This notebook focuses on collecting and preparing data from the Raverly API.
he main goals are to:
- fetch publicly available knitting pattern data using the Ravelry API,
- build an initial raw dataset containing pattern metadata,
- clean and structure the data for further analysis,
- prepare the dataset for exploratory data analysis (EDA) and later modelling.

This is the first step of the project.
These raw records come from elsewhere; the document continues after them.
lemma sqnorm_sub_grid_round_le:
  assumes "1 \<le> d"
  shows "sqnorm d (\<lambda>j. v j - grid_point d (grid_round d v) j) \<le> 1/400"
proof -
  have "(v j - grid_point d (grid_round d v) j)\<^sup>2 \<le> (grid_step d / 2)\<^sup>2" if "j < d" for j
    using power_mono[OF abs_sub_grid_round_le[OF assms that] abs_ge_zero, where n=2] by simp
  then have "sqnorm d (\<lambda>j. v j - grid_point d (grid_round d v) j) \<le> (\<Sum>j<d. (grid_step d / 2)\<^sup>2)"
    unfolding sqnorm_def by (intro sum_mono) simp
  also have "\<dots> = 1/400" using assms by (simp add: power_divide power2_grid_step)
  finally show ?thesis .
qed

lemma sqnorm_grid_point_grid_round_le:
  assumes "1 \<le> d" "sqnorm d v = 1"
  shows "sqnorm d (grid_point d (grid_round d v)) \<le> (21/20)\<^sup>2"
proof -
  let ?u = "grid_point d (grid_round d v)"
  have "(L2_set (\<lambda>j. ?u j - v j) {..<d})\<^sup>2 = sqnorm d (\<lambda>j. v j - ?u j)"
    by (simp add: sqnorm_eq_power2_L2_set[symmetric] sqnorm_def power2_commute)
  also have "\<dots> \<le> (1/20)\<^sup>2"
    using sqnorm_sub_grid_round_le[OF assms(1), of v] by (simp add: power2_eq_square)
  finally have "(L2_set (\<lambda>j. ?u j - v j) {..<d})\<^sup>2 \<le> (1/20)\<^sup>2" .
  then have "L2_set (\<lambda>j. ?u j - v j) {..<d} \<le> 1/20"
    by (rule power2_le_imp_le) simp
  moreover have "L2_set ?u {..<d} \<le> L2_set v {..<d} + L2_set (\<lambda>j. ?u j - v j) {..<d}"
    using L2_set_triangle_ineq[of v "\<lambda>j. ?u j - v j" "{..<d}"] by simp
  moreover have "L2_set v {..<d} = 1" using assms(2) by (simp add: sqnorm_def L2_set_def)
  ultimately show ?thesis
    unfolding sqnorm_eq_power2_L2_set by (intro power_mono) auto
qed

lemma grid_round_in_grid_net:
  assumes d: "1 \<le> d" and v: "sqnorm d v = 1"
  shows "grid_round d v \<in> grid_net d"
proof -
  have "grid_round d v j \<in> {- int (11 * d) .. int (11 * d)}" if "j < d" for j
  proof -
    have "(v j)\<^sup>2 \<le> sqnorm d v"
      unfolding sqnorm_def using that by (intro member_le_sum) auto
    then have "\<bar>v j\<bar> \<le> 1" using v by (simp add: abs_square_le_1)
    moreover have "sqrt (real d) \<le> real d" using d by (simp add: real_sqrt_le_iff' power2_eq_square)
    ultimately have "\<bar>v j / grid_step d\<bar> \<le> 10 * real d"
      using mult_mono[of "\<bar>v j\<bar>" 1 "sqrt (real d)" "real d"] by (simp add: grid_step_def abs_mult)
    then have "\<bar>real_of_int (round (v j / grid_step d))\<bar> \<le> real (11 * d)"
      using of_int_round_abs_le[of "v j / grid_step d"] d by linarith
    then show ?thesis using that by (simp add: grid_round_def abs_le_iff)
  qed
  moreover have "(\<Sum>j<d. (real_of_int (grid_round d v j))\<^sup>2) \<le> 111 * real d"
  proof -
    have "(\<Sum>j<d. (real_of_int (grid_round d v j))\<^sup>2)
        = sqnorm d (grid_point d (grid_round d v)) / (grid_step d)\<^sup>2"
      using grid_step_pos[OF d]
      by (simp add: sqnorm_def grid_point_def sum_divide_distrib power_mult_distrib)
    also have "\<dots> \<le> (21/20)\<^sup>2 * (100 * real d)"
      using sqnorm_grid_point_grid_round_le[OF d v] by (simp add: power2_grid_step mult_right_mono)
    finally show ?thesis by (simp add: power2_eq_square)
  qed
  ultimately show ?thesis by (auto simp: grid_net_def grid_round_def PiE_iff)
qed

lemma sum_inverse_squares_symmetric_le:
  "(\<Sum>k\<in>{- int K..int K} - {0}. 1 / (real_of_int k)\<^sup>2) \<le> 4 - 4 / (real K + 1)"
proof (induction K)
  case 0
  then show ?case by simp
next
  case (Suc K)
  define a where "a = real K + 1"
  have "1 \<le> a" by (simp add: a_def)
  have "{- int (Suc K)..int (Suc K)} - {0}
      = insert (int K + 1) (insert (- (int K + 1)) ({- int K..int K} - {0}))"
    by auto
  then have "(\<Sum>k\<in>{- int (Suc K)..int (Suc K)} - {0}. 1 / (real_of_int k)\<^sup>2)
      = 2 / a\<^sup>2 + (\<Sum>k\<in>{- int K..int K} - {0}. 1 / (real_of_int k)\<^sup>2)"
    by (simp add: a_def power2_eq_square algebra_simps)
  also have "\<dots> \<le> 2 / a\<^sup>2 + (4 - 4 / a)"
    using Suc.IH by (simp add: a_def)
  also have "\<dots> \<le> 4 - 4 / (a + 1)"
  proof -
    have "2 / a\<^sup>2 = 4 / (a * (2 * a))" by (simp add: power2_eq_square)
    also have "\<dots> \<le> 4 / (a * (a + 1))"
      using \<open>1 \<le> a\<close> by (intro divide_left_mono mult_left_mono mult_pos_pos) auto
    also have "\<dots> = 4 / a - 4 / (a + 1)" using \<open>1 \<le> a\<close> by (simp add: field_simps)
    finally show ?thesis by simp
  qed
  finally show ?case by (simp add: a_def add.commute)
qed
I will concentrate on data collection and basic data preparation for further analysis.

1. Import libraries for data handling, API calls, and quick visual checks

In [4]:
# BASIC DATA HANDLING
import pandas as pd
import numpy as np
import os
import json
import time

# API & REQUESTS
import requests
from requests.auth import HTTPBasicAuth

# VISUALISATION (later use)
import matplotlib.pyplot as plt
import seaborn as sns
import plotly.express as px

# Settings for nicer plots
sns.set(style="whitegrid")



2. Define and create folders for raw and processed data.

In [5]:
RAW_DIR = "../data/raw/v1"
PROCESSED_DIR = "../data/processed/v1"

os.makedirs(RAW_DIR, exist_ok=True)
os.makedirs(PROCESSED_DIR, exist_ok=True)

RAW_JSON_PATH = os.path.join(RAW_DIR, "patterns_raw.json")
RAW_CSV_PATH = os.path.join(RAW_DIR, "patterns_raw.csv")
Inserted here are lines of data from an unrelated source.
lemma norm_update_le_if_large:
  fixes H alpha :: "(real,'m::{finite,linorder}) vec" and z :: real
  defines "P \<equiv> closest_point monoK H" and "m \<equiv> real CARD('m)"
    and "g \<equiv> coverage z (closest_point monoK H) - alpha"
  assumes Y: "H + eta *\<^sub>R rank_vec \<in> monoK" and eta: "0 \<le> eta" and alpha: "alpha \<in> monoK"
    and d: "0 < d" "\<And>i. d \<le> alpha$i \<and> d \<le> 1 - alpha$i" and z: "\<bar>z\<bar> \<le> R"
    and large: "eta * m / (2 * d) + m * R / d + eta * norm (rank_vec :: (real,'m) vec) \<le> norm H"
  shows "norm (H - eta *\<^sub>R g) \<le> norm H"
proof (rule norm_diff_scaleR_le[OF eta])
  have "norm H \<le> norm P + eta * norm (rank_vec :: (real,'m) vec)"
    using norm_triangle_ineq[of P "H - P"] norm_diff_closest_point_monoK_le[OF Y eta]
    by (simp add: P_def)
  with large have P_large: "eta * m / (2 * d) + m * R / d \<le> norm P"
    by linarith
  have "eta * m / 2 + m * R = d * (eta * m / (2 * d) + m * R / d)"
    using d(1) by (simp add: field_simps)
  also have "\<dots> \<le> d * norm P"
    using mult_left_mono[OF P_large] d(1) by simp
  also have "\<dots> - m * R \<le> inner H g"
    using inner_coverage_lower_bound[OF alpha _ d(2) z, of H] d(1) by (simp add: P_def g_def m_def)
  finally have inner_large: "eta * m \<le> 2 * inner H g"
    by simp
  have "0 \<le> alpha$i \<and> alpha$i \<le> 1" for i
    using d(1) d(2)[of i] by linarith
  then have "norm g \<le> sqrt m"
    unfolding g_def m_def by (rule norm_coverage_diff_le)
  then have "(norm g)\<^sup>2 \<le> m"
    using sqrt_ge_absD[of "norm g" m] by simp
  with inner_large show "eta * (norm g)\<^sup>2 \<le> 2 * inner H g"
    using mult_left_mono[OF _ eta, of "(norm g)\<^sup>2" m] by linarith
qed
PROCESSED_CSV_PATH = os.path.join(PROCESSED_DIR, "patterns_clean.csv")

RAW_DIR, PROCESSED_DIR


('../data/raw/v1', '../data/processed/v1')
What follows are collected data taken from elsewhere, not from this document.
lemma gtruncate_gscale: "gtruncate k (gscale r x) = gscale r (gtruncate k x)"
  by (auto simp: gtruncate_def gscale_def fun_eq_iff split: prod.split)

lemma gtruncate_gzero: "gtruncate k gzero = gzero"
  by (simp add: gtruncate_def gzero_def fun_eq_iff)

lemma gtruncate_in_gcarrier_take:
  "k \<le> length ns \<Longrightarrow> x \<in> gcarrier ns \<Longrightarrow> gtruncate k x \<in> gcarrier (take k ns)"
  by (auto simp: gtruncate_def gcarrier_def dd_take)

lemma gcarrier_take_subset: "gcarrier (take k ns) \<subseteq> gcarrier ns"
  by (clarsimp simp: gcarrier_def dd_take Vd_def homog_def) (metis coeff_0 linorder_not_le)

lemma gtruncate_gcarrier_take: "x \<in> gcarrier (take k ns) \<Longrightarrow> gtruncate k x = x"
  by (auto simp: gtruncate_def gcarrier_def fun_eq_iff)

lemma sum_triangle_shrink:
  fixes g :: "nat \<Rightarrow> nat \<Rightarrow> 'b::comm_monoid_add"
  assumes "m \<le> n" "\<And>i j. m < j \<Longrightarrow> g i j = 0"
  shows "(\<Sum>i = 1..n. \<Sum>j = i..n. g i j) = (\<Sum>i = 1..m. \<Sum>j = i..m. g i j)"
proof -
  have "(\<Sum>i = 1..n. \<Sum>j = i..n. g i j) = (\<Sum>i = 1..n. \<Sum>j = i..m. g i j)"
    by (intro sum.cong refl sum.mono_neutral_right) (use assms in auto)
  also have "\<dots> = (\<Sum>i = 1..m. \<Sum>j = i..m. g i j)"
    by (rule sum.mono_neutral_right) (use assms in auto)
  finally show ?thesis .
qed

definition gbr_transv_sum ::
  "int list \<Rightarrow> (nat \<Rightarrow> nat \<Rightarrow> nat \<Rightarrow> 'a::field_char_0) \<Rightarrow> (nat \<Rightarrow> 'a poly poly) \<Rightarrow> (nat \<Rightarrow> 'a poly poly)
     \<Rightarrow> nat \<Rightarrow> 'a poly poly" where
  "gbr_transv_sum ns \<alpha> u1 u2 k =
     (\<Sum>i = 1..length ns. \<Sum>j = i..length ns.
        if i + j \<le> k then
          pC (\<alpha> i j k) *
            (transv (nat (dd ns i)) (nat (dd ns j)) (cc ns i j k) (u1 i) (u2 j)
             - (if i < j then transv (nat (dd ns i)) (nat (dd ns j)) (cc ns i j k) (u2 i) (u1 j)
                else 0))
        else 0)"

lemma gbr_eq:
  "gbr ns \<alpha> (s1, u1) (s2, u2) =
     (sl2_br s1 s2, \<lambda>k. if 1 \<le> k \<and> k \<le> length ns
        then sl2_act s1 (u2 k) - sl2_act s2 (u1 k) + gbr_transv_sum ns \<alpha> u1 u2 k else 0)"
  unfolding gbr_def gbr_transv_sum_def by simp

text \<open>Only pairs with \<open>i + j \<le> l \<le> k\<close> contribute to the sum.\<close>

lemma gbr_transv_sum_take:
  assumes "l \<le> k" "k \<le> length ns"
  shows "gbr_transv_sum (take k ns) \<alpha> (\<lambda>i. if i \<le> k then u1 i else 0) (\<lambda>i. if i \<le> k then u2 i else 0) l
    = gbr_transv_sum ns \<alpha> u1 u2 l"
  unfolding gbr_transv_sum_def
  by (subst sum_triangle_shrink[OF assms(2)])
    (use assms in \<open>auto simp: min_absorb1 dd_take cc_take intro!: sum.cong\<close>)

lemma gtruncate_gbr:
  assumes "k \<le> length ns"
  shows "gtruncate k (gbr ns \<alpha> x y) = gbr (take k ns) \<alpha> (gtruncate k x) (gtruncate k y)"
proof -
  obtain s1 u1 s2 u2 where "x = (s1, u1)" "y = (s2, u2)" by fastforce
  then show ?thesis
    using assms by (auto simp: gtruncate_def gbr_eq fun_eq_iff min_absorb1 gbr_transv_sum_take)
qed

lemma bracket_retraction_gtruncate:
  "k \<le> length ns \<Longrightarrow> bracket_retraction (gcarrier ns) (gcarrier (take k ns)) gadd gscale gzero
     (gbr ns \<alpha>) (gbr (take k ns) \<alpha>) (gtruncate k)"
  by unfold_locales (simp_all add: gtruncate_in_gcarrier_take gcarrier_take_subset
      gtruncate_gcarrier_take gtruncate_gadd gtruncate_gscale gtruncate_gzero gtruncate_gbr)

lemma gtruncate_tail_ideal:
  assumes "k \<le> length ns"
  shows "gtruncate k ` tail_ideal ns r = tail_ideal (take k ns) r"
proof (intro antisym subsetI)
  fix x assume "x \<in> gtruncate k ` tail_ideal ns r"
  then show "x \<in> tail_ideal (take k ns) r"
    using assms gtruncate_in_gcarrier_take by (fastforce simp: tail_ideal_def gtruncate_def)
next
  fix x assume x: "x \<in> tail_ideal (take k ns) r"
  then have "x \<in> gcarrier (take k ns)"
    unfolding tail_ideal_def by blast
  then have "x = gtruncate k x"
    by (simp add: gtruncate_gcarrier_take)
  moreover have "x \<in> tail_ideal ns r"
    using x gcarrier_take_subset unfolding tail_ideal_def by blast
  ultimately show "x \<in> gtruncate k ` tail_ideal ns r" by blast
qed

lemma gtruncate_kernel_subset_tail_ideal_iff:
  assumes "k \<le> length ns" "r \<le> length ns + 1"
  shows "{x \<in> gcarrier ns. gtruncate k x = (gzero :: 'a::idom gelem)} \<subseteq> tail_ideal ns r \<longleftrightarrow> r \<le> k + 1"
proof
  assume "r \<le> k + 1"
  then show "{x \<in> gcarrier ns. gtruncate k x = (gzero :: 'a gelem)} \<subseteq> tail_ideal ns r"
    by (auto simp: tail_ideal_def gtruncate_def gzero_def fun_eq_iff)
next
  assume kernel: "{x \<in> gcarrier ns. gtruncate k x = (gzero :: 'a gelem)} \<subseteq> tail_ideal ns r"
  show "r \<le> k + 1"
  proof (rule ccontr)
    assume "\<not> r \<le> k + 1"
    define e :: "'a gelem"
      where "e = ((0, 0, 0), \<lambda>i. if i = k + 1 then monom 1 (nat (dd ns (k + 1))) else 0)"
    have "e \<in> gcarrier ns" "gtruncate k e = gzero"
      using \<open>\<not> r \<le> k + 1\<close> assms
      by (auto simp: e_def gcarrier_def Vd_def homog_def coeff_monom gtruncate_def gzero_def fun_eq_iff)
    with kernel have "e \<in> tail_ideal ns r" by blast
    with \<open>\<not> r \<le> k + 1\<close> have "snd e (k + 1) = 0" unfolding tail_ideal_def by auto
    then show False by (simp add: e_def)
  qed
qed

lemma tail_ideals_containing_gtruncate_kernel:
  assumes "k \<le> length ns"
  shows "{J \<in> insert (gcarrier ns) (tail_ideal ns ` {1..length ns + 1}).
            {x \<in> gcarrier ns. gtruncate k x = (gzero :: 'a::idom gelem)} \<subseteq> J}
    = insert (gcarrier ns) (tail_ideal ns ` {1..k + 1})"
proof -
  let ?K = "{x \<in> gcarrier ns. gtruncate k x = (gzero :: 'a gelem)}"
  have "{r \<in> {1..length ns + 1}. ?K \<subseteq> tail_ideal ns r} = {r \<in> {1..length ns + 1}. r \<le> k + 1}"
    using gtruncate_kernel_subset_tail_ideal_iff[OF assms] by auto
  also have "\<dots> = {1..k + 1}"
    using assms by auto
  finally show ?thesis by blast
qed

lemma is_lie_algebra_gbr_take:
  assumes "k \<le> length ns" and "is_lie_algebra (gcarrier ns) gadd gscale gzero (gbr ns \<alpha>)"
  shows "is_lie_algebra (gcarrier (take k ns)) gadd gscale gzero (gbr (take k ns) \<alpha>)"
  using bracket_retraction.is_lie_algebra_image[OF bracket_retraction_gtruncate] assms .

lemma ideals_gbr_take:
  fixes \<alpha> :: "nat \<Rightarrow> nat \<Rightarrow> nat \<Rightarrow> 'a::field_char_0"
  assumes k: "k \<le> length ns"
    and ideals: "{I. is_ideal (gcarrier ns) gadd gscale gzero (gbr ns \<alpha>) I}
      = insert (gcarrier ns) (tail_ideal ns ` {1..length ns + 1})"
  shows "{I. is_ideal (gcarrier (take k ns)) gadd gscale gzero (gbr (take k ns) \<alpha>) I}
      = insert (gcarrier (take k ns)) (tail_ideal (take k ns) ` {1..length (take k ns) + 1})"
proof -
  let ?C = "gcarrier ns :: 'a gelem set" and ?C' = "gcarrier (take k ns) :: 'a gelem set"
  interpret bracket_retraction ?C ?C' gadd gscale gzero "gbr ns \<alpha>" "gbr (take k ns) \<alpha>" "gtruncate k"
    using k by (rule bracket_retraction_gtruncate)
  have is_ideal_iff: "is_ideal ?C gadd gscale gzero (gbr ns \<alpha>) J \<longleftrightarrow>
      J \<in> insert ?C (tail_ideal ns ` {1..length ns + 1})" for J
    using ideals by blast
  have "{I. is_ideal ?C' gadd gscale gzero (gbr (take k ns) \<alpha>) I}
      = (\<lambda>J. gtruncate k ` J) ` {J. is_ideal ?C gadd gscale gzero (gbr ns \<alpha>) J
          \<and> {x \<in> ?C. gtruncate k x = gzero} \<subseteq> J}"
    using is_ideal_iff by (intro ideals_image) simp
  also have "\<dots> = (\<lambda>J. gtruncate k ` J) ` insert ?C (tail_ideal ns ` {1..k + 1})"
    by (simp only: is_ideal_iff tail_ideals_containing_gtruncate_kernel[OF k])
  also have "\<dots> = insert ?C' (tail_ideal (take k ns) ` {1..length (take k ns) + 1})"
    using k by (simp add: image_carrier image_image gtruncate_tail_ideal min_absorb1)
  finally show ?thesis .
qed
3. API Credentials. They are loaded from enviroment variables. They are stored locally as environment variables to prevent accidental exposure in the codebase.


In [6]:
from dotenv import load_dotenv

load_dotenv()  # loads variables from .env

RAVELRY_USER = os.getenv("RAVELRY_ACCESS_KEY")
RAVELRY_PASS = os.getenv("RAVELRY_PERSONAL_KEY")

if not RAVELRY_USER or not RAVELRY_PASS:
    raise ValueError(
        "API credentials not found. "
        "Make sure RAVELRY_ACCESS_KEY and RAVELRY_PERSONAL_KEY are set in .env file."
    )

print("Credentials loaded ✅")



Credentials loaded ✅